NOTE 5 -- STOCK-BASED EMPLOYEE COMPENSATION:

     As of June 30, 2005, the Company had two stock-based employee compensation
plans, which are described more fully in Note 12 of the Company's financial
statements in its most recent Annual Report on Form 10-K. Prior to fiscal 2003,
the Company accounted for those plans under the recognition and measurement
principles of APB Opinion No. 25, Accounting for Stock Issued to Employees, and
related Interpretations. Under this standard, no stock option-based employee
compensation cost is reflected in net income, as all options granted under the
plans had an exercise price equal to the market value of the underlying Common
Stock on the date of grant. Effective July 1, 2003, the Company adopted the fair
value recognition provisions of FAS No. 148. Under the Prospective transition
method selected by the Company, fair value accounting is applied to all new
stock grants and modifications to old grants since January 1, 2003. Disclosure
of pro-forma net income and EPS is continued for any pre-adoption grants. No
options have been granted subsequent to the adoption of FAS No. 148.

     The following table illustrates the effect on net income and earnings per
share as if the fair value based method had been applied to all outstanding and
unvested awards in each period. (000's omitted, except per share amounts).
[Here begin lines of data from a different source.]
(* Let $(G,O)$ be an equipped group such that the elements of $O$ generate $G$ and $O$ consists of a single conjugacy class, and let $\widehat G$ be the associated $C$-group. Then $\widehat G$ is isomorphic to a semidirect product $[\widehat G,\widehat G]\rtimes\mathbb Z$.
   Context: An equipped group is a pair $(G,O)$, $G$ a group, $O\subset G$ a union of finitely many conjugacy classes, $1\notin O$. The associated $C$-group $\widehat G$ (the $C$-group equivalent to $(G,O)$) is the group with generators $y_g$ ($g\in O$) and relations $y_h^{-1}y_gy_h=y_{h^{-1}gh}$ for all $g,h\in O$. *)

theory Defs
  imports "HOL-Algebra.Algebra"
begin

definition conj_class :: "('a, 'b) monoid_scheme \<Rightarrow> 'a \<Rightarrow> 'a set" where
  "conj_class G g = {inv\<^bsub>G\<^esub> h \<otimes>\<^bsub>G\<^esub> g \<otimes>\<^bsub>G\<^esub> h | h. h \<in> carrier G}"

definition equipped_group :: "('a, 'b) monoid_scheme \<Rightarrow> 'a set \<Rightarrow> bool" where
  "equipped_group G Ocl \<longleftrightarrow> group G \<and> \<one>\<^bsub>G\<^esub> \<notin> Ocl \<and>
     (\<exists>C. finite C \<and> C \<subseteq> carrier G \<and> Ocl = (\<Union>g\<in>C. conj_class G g))"

text \<open>Words in the generators: a letter (x, False) stands for x, (x, True) for x inverse.\<close>
type_synonym 'a word = "('a \<times> bool) list"

definition words :: "'a set \<Rightarrow> 'a word set" where
  "words S = lists (S \<times> UNIV)"

inductive pres_eq :: "'a set \<Rightarrow> ('a word \<times> 'a word) set \<Rightarrow> 'a word \<Rightarrow> 'a word \<Rightarrow> bool"
  for S :: "'a set" and Rel :: "('a word \<times> 'a word) set" where
  refl: "w \<in> words S \<Longrightarrow> pres_eq S Rel w w"
| sym: "pres_eq S Rel u v \<Longrightarrow> pres_eq S Rel v u"
| trans: "pres_eq S Rel u v \<Longrightarrow> pres_eq S Rel v w \<Longrightarrow> pres_eq S Rel u w"
| cancel: "u \<in> words S \<Longrightarrow> v \<in> words S \<Longrightarrow> x \<in> S \<Longrightarrow>
     pres_eq S Rel (u @ [(x, b), (x, \<not> b)] @ v) (u @ v)"
| rel: "(l, r) \<in> Rel \<Longrightarrow> l \<in> words S \<Longrightarrow> r \<in> words S \<Longrightarrow> u \<in> words S \<Longrightarrow> v \<in> words S \<Longrightarrow>
     pres_eq S Rel (u @ l @ v) (u @ r @ v)"
theorem proposition3p1:
  fixes \<Omega> :: "(real \<times> real) set"
    and w :: "real \<times> real \<Rightarrow> real"
    and P Q R :: "nat \<Rightarrow> nat \<Rightarrow> real \<times> real \<Rightarrow> real"
  defines "\<Omega>' \<equiv> (\<lambda>(x, y). (y, x ^ 2)) ` \<Omega>"
    and "v \<equiv> (\<lambda>(x, y). w (sqrt y, x))"
  assumes meas: "\<Omega> \<in> sets lebesgue"
    and symm: "\<And>x y. (x, y) \<in> \<Omega> \<Longrightarrow> (- x, y) \<in> \<Omega>"
    and w_nonneg: "\<And>z. z \<in> \<Omega> \<Longrightarrow> w z \<ge> 0"
    and w_even: "\<And>x y. (x, y) \<in> \<Omega> \<Longrightarrow> w (x, y) = w (- x, y)"
    and mom_w: "finite_moments \<Omega> w"
    and mom_v1: "finite_moments \<Omega>' (\<lambda>(x, y). v (x, y) / sqrt y)"
    and mom_v2: "finite_moments \<Omega>' (\<lambda>(x, y). sqrt y * v (x, y))"
    and P_ex: "\<And>n k. k \<le> n \<Longrightarrow> is_mdop \<Omega> w n k (P n k)"
    and P_uniq: "\<And>n k f. k \<le> n \<Longrightarrow> is_mdop \<Omega> w n k f \<Longrightarrow> f = P n k"
    and Q_ex: "\<And>n k. k \<le> n \<Longrightarrow> is_mdop \<Omega>' (\<lambda>(x, y). v (x, y) / sqrt y) n k (Q n k)"
    and Q_uniq: "\<And>n k f. k \<le> n \<Longrightarrow> is_mdop \<Omega>' (\<lambda>(x, y). v (x, y) / sqrt y) n k f
                   \<Longrightarrow> f = Q n k"
    and R_ex: "\<And>n k. k \<le> n \<Longrightarrow> is_mdop \<Omega>' (\<lambda>(x, y). sqrt y * v (x, y)) n k (R n k)"
    and R_uniq: "\<And>n k f. k \<le> n \<Longrightarrow> is_mdop \<Omega>' (\<lambda>(x, y). sqrt y * v (x, y)) n k f
                   \<Longrightarrow> f = R n k"
    and nk: "k \<le> n"
  shows "(\<forall>x y. Q n k (y, x ^ 2) = P (n + k) (n - k) (x, y)) \<and>
         (\<forall>x y. x * R n k (y, x ^ 2) = P (n + k + 1) (n - k) (x, y))"
proof -
  have Q_fold: "is_mdop \<Omega>' (\<lambda>u. snd u ^ 0 * (w (sqrt (snd u), fst u) / sqrt (snd u))) n k (Q n k)"
    using Q_ex[OF nk] by (rule is_mdop_cong_weight) (auto simp: v_def)
  have R_fold: "is_mdop \<Omega>' (\<lambda>u. snd u ^ 1 * (w (sqrt (snd u), fst u) / sqrt (snd u))) n k (R n k)"
    using R_ex[OF nk]
  proof (rule is_mdop_cong_weight)
    fix u assume "u \<in> \<Omega>'"
    then have "0 \<le> snd u" by (auto simp: \<Omega>'_def)
    then show "(\<lambda>(x, y). sqrt y * v (x, y)) u = snd u ^ 1 * (w (sqrt (snd u), fst u) / sqrt (snd u))"
      by (simp add: v_def case_prod_beta real_div_sqrt flip: times_divide_eq_left)
  qed
  have "is_mdop \<Omega> w (n + k + 0) (n - k) (\<lambda>z. fst z ^ 0 * Q n k (snd z, fst z ^ 2))"
    by (rule is_mdop_fold_square) (fact meas symm w_even nk le0 Q_fold[unfolded \<Omega>'_def])+
  then have Q_eq: "(\<lambda>z. Q n k (snd z, fst z ^ 2)) = P (n + k) (n - k)"
    using P_uniq[of "n - k" "n + k"] by simp
  have "is_mdop \<Omega> w (n + k + 1) (n - k) (\<lambda>z. fst z ^ 1 * R n k (snd z, fst z ^ 2))"
    by (rule is_mdop_fold_square) (fact meas symm w_even nk le_refl R_fold[unfolded \<Omega>'_def])+
  then have R_eq: "(\<lambda>z. fst z * R n k (snd z, fst z ^ 2)) = P (n + k + 1) (n - k)"
    using P_uniq[of "n - k" "n + k + 1"] by simp
  show ?thesis
  proof (intro conjI allI)
    fix x y :: real
    show "Q n k (y, x ^ 2) = P (n + k) (n - k) (x, y)"
      using fun_cong[OF Q_eq, of "(x, y)"] by simp
    show "x * R n k (y, x ^ 2) = P (n + k + 1) (n - k) (x, y)"
      using fun_cong[OF R_eq, of "(x, y)"] by simp
  qed
qed

end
                                                                             For the                 For the
                                                                       three-month period       six-month period
                                                                         Ended June 30,           ended June 30,
                                                                       ------------------       -----------------
                                                                        2005        2004         2005       2004 
                                                                       ------      ------       ------     ------

                                                                                                 
         Net Income, as reported................................        $467        $320         $781       $507

         Add: Stock-based employee compensation expense
         included in reported net income, net of related tax
         effects................................................          27          37           49         68

         Deduct:  Total stock-based employee compensation
         expense determined under fair value based method
         for all awards, net of related tax effects.............         (70)        (98)        (135)      (190)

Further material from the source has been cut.